Every line in the records below that holds "assumes" must be identified and copied.

== Material for this exercise ==

(* Let $\mu$ be a probability measure on $\mathbb{R}^n$ with finite first moment whose support is not contained in any affine hyperplane. Then there is a constant $c=c_\mu>0$ such that for every probability measure $\varrho$ on $\mathbb{R}^n$ with finite first moment and barycenter at the origin, $$\mathcal{T}(\varrho,\mu)\ \ge\ c\int_{\mathbb{R}^n}|x|\,d\varrho(x).$$
   Context: For probability measures $\varrho,\mu$ on $\mathbb{R}^n$ with finite first moment, $\Pi(\varrho,\mu)$ is the set of measures $\pi$ on $\mathbb{R}^n\times\mathbb{R}^n$ with marginals $\varrho$ and $\mu$, and the maximal correlation functional is $\mathcal{T}(\varrho,\mu)=\sup\{\int_{\mathbb{R}^n\times\mathbb{R}^n}\langle x,y\rangle\,d\pi(x,y):\pi\in\Pi(\varrho,\mu)\}$. The measure $\varrho$ is not assumed absolutely continuous. *)

theory Defs
  imports "HOL-Probability.Probability"
begin

definition prob_fm :: "'a::euclidean_space measure \<Rightarrow> bool" where
  "prob_fm M \<longleftrightarrow> prob_space M \<and> sets M = sets borel \<and> integrable M (\<lambda>x. norm x)"

definition couplings :: "'a::euclidean_space measure \<Rightarrow> 'a measure \<Rightarrow> ('a \<times> 'a) measure set" where
  "couplings \<rho> \<mu> = {\<pi>. prob_space \<pi> \<and> sets \<pi> = sets (borel \<Otimes>\<^sub>M borel)
       \<and> distr \<pi> borel fst = \<rho> \<and> distr \<pi> borel snd = \<mu>}"

definition corr_pos :: "('a::euclidean_space \<times> 'a) measure \<Rightarrow> ennreal" where
  "corr_pos \<pi> = (\<integral>\<^sup>+ z. ennreal (max 0 (fst z \<bullet> snd z)) \<partial>\<pi>)"

definition corr_neg :: "('a::euclidean_space \<times> 'a) measure \<Rightarrow> ennreal" where
  "corr_neg \<pi> = (\<integral>\<^sup>+ z. ennreal (max 0 (- (fst z \<bullet> snd z))) \<partial>\<pi>)"

text \<open>Integral of \<open>\<langle>x,y\<rangle>\<close> in the extended sense (defined when not both parts are infinite).\<close>
definition corr_integral :: "('a::euclidean_space \<times> 'a) measure \<Rightarrow> ereal" where
  "corr_integral \<pi> = enn2ereal (corr_pos \<pi>) - enn2ereal (corr_neg \<pi>)"

definition max_corr :: "'a::euclidean_space measure \<Rightarrow> 'a measure \<Rightarrow> ereal" where
  "max_corr \<rho> \<mu> = (SUP \<pi> \<in> {\<pi> \<in> couplings \<rho> \<mu>. corr_pos \<pi> < \<infinity> \<or> corr_neg \<pi> < \<infinity>}.
       corr_integral \<pi>)"

definition msupport :: "'a::euclidean_space measure \<Rightarrow> 'a set" where
  "msupport M = {x. \<forall>e>0. emeasure M (ball x e) > 0}"

definition affine_hyperplane :: "'a::euclidean_space set \<Rightarrow> bool" where
  "affine_hyperplane H \<longleftrightarrow> (\<exists>a b. a \<noteq> 0 \<and> H = {x. a \<bullet> x = b})"

end

theory Submission
  imports Defs
begin

text \<open>
  For a direction \<open>w\<close> let \<open>G\<^sub>w(y) = arctan (w \<bullet> y) - \<integral> arctan (w \<bullet> z) d\<mu>\<close>, a bounded function
  of mean zero under \<open>\<mu>\<close>, and \<open>V\<^sub>w = \<integral> G\<^sub>w(y) y d\<mu>\<close>. Then \<open>w \<bullet> V\<^sub>w\<close> is the covariance of
  \<open>w \<bullet> y\<close> and the strictly increasing function \<open>arctan (w \<bullet> y)\<close> of it, which is positive
  because \<open>w \<bullet> y\<close> is not \<open>\<mu>\<close>-a.e. constant (the support of \<open>\<mu>\<close> lies in no hyperplane).
  By compactness of the unit sphere, finitely many directions \<open>W\<close> give
  \<open>\<delta> |x| \<le> \<Sum>\<^sub>w\<^sub>\<in>\<^sub>W (x \<bullet> V\<^sub>w)\<^sup>+\<close>.

  Given \<open>\<rho>\<close> with barycenter 0, perturb the product coupling \<open>\<rho> \<otimes> \<mu>\<close> by the density
  \<open>1 + t \<Sum>\<^sub>w (1[x \<bullet> V\<^sub>w > 0] - \<rho>{x \<bullet> V\<^sub>w > 0}) G\<^sub>w(y)\<close>. Both factors of each summand have
  mean zero, so for small \<open>t > 0\<close> this is again a coupling, and its correlation is
  \<open>t \<Sum>\<^sub>w \<integral> (x \<bullet> V\<^sub>w)\<^sup>+ d\<rho> \<ge> t \<delta> \<integral> |x| d\<rho>\<close>.
\<close>

lemma prob_fmD:
  assumes "prob_fm M"
  shows "prob_space M" "sets M = sets borel" "borel_measurable M = borel_measurable borel"
    and "integrable M norm" "integrable M (\<lambda>x. x)"
proof -
  show "prob_space M" "sets M = sets borel" "integrable M norm"
    using assms by (simp_all add: prob_fm_def)
  show bm: "borel_measurable M = borel_measurable borel"
    by (rule measurable_cong_sets[OF \<open>sets M = sets borel\<close> refl])
  show "integrable M (\<lambda>x. x)"
    by (rule integrable_norm_cancel[OF \<open>integrable M norm\<close>]) (simp add: bm)
qed

lemma integrable_bounded_scaleR:
  fixes f :: "_ \<Rightarrow> 'b::{banach,second_countable_topology}"
  assumes f: "integrable M f" and g: "g \<in> borel_measurable M" and B: "\<And>x. \<bar>g x\<bar> \<le> B"
  shows "integrable M (\<lambda>x. g x *\<^sub>R f x)"
proof (rule Bochner_Integration.integrable_bound[where f="\<lambda>x. B *\<^sub>R f x"])
  show "integrable M (\<lambda>x. B *\<^sub>R f x)" using f by simp
  show "(\<lambda>x. g x *\<^sub>R f x) \<in> borel_measurable M"
    using g borel_measurable_integrable[OF f] by measurable
  have "0 \<le> B" using B order_trans abs_ge_zero by blast
  then show "AE x in M. norm (g x *\<^sub>R f x) \<le> norm (B *\<^sub>R f x)"
    using B by (intro AE_I2) (simp add: mult_right_mono)
qed

lemma mono_diff_mult_nonneg:
  fixes g :: "'a::linordered_ring \<Rightarrow> 'a"
  assumes "mono g"
  shows "0 \<le> (g a - g c) * (a - c)"
proof (cases "a \<le> c")
  case True
  with assms have "g a \<le> g c"
    by (rule monoD)
  with True show ?thesis
    by (simp add: mult_nonpos_nonpos)
next
  case False
  then have "c \<le> a"
    by simp
  with assms have "g c \<le> g a"
    by (rule monoD)
  with False show ?thesis
    by simp
qed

===

Reply to the task:
  assumes "prob_fm M"
  assumes f: "integrable M f" and g: "g \<in> borel_measurable M" and B: "\<And>x. \<bar>g x\<bar> \<le> B"
  assumes "mono g"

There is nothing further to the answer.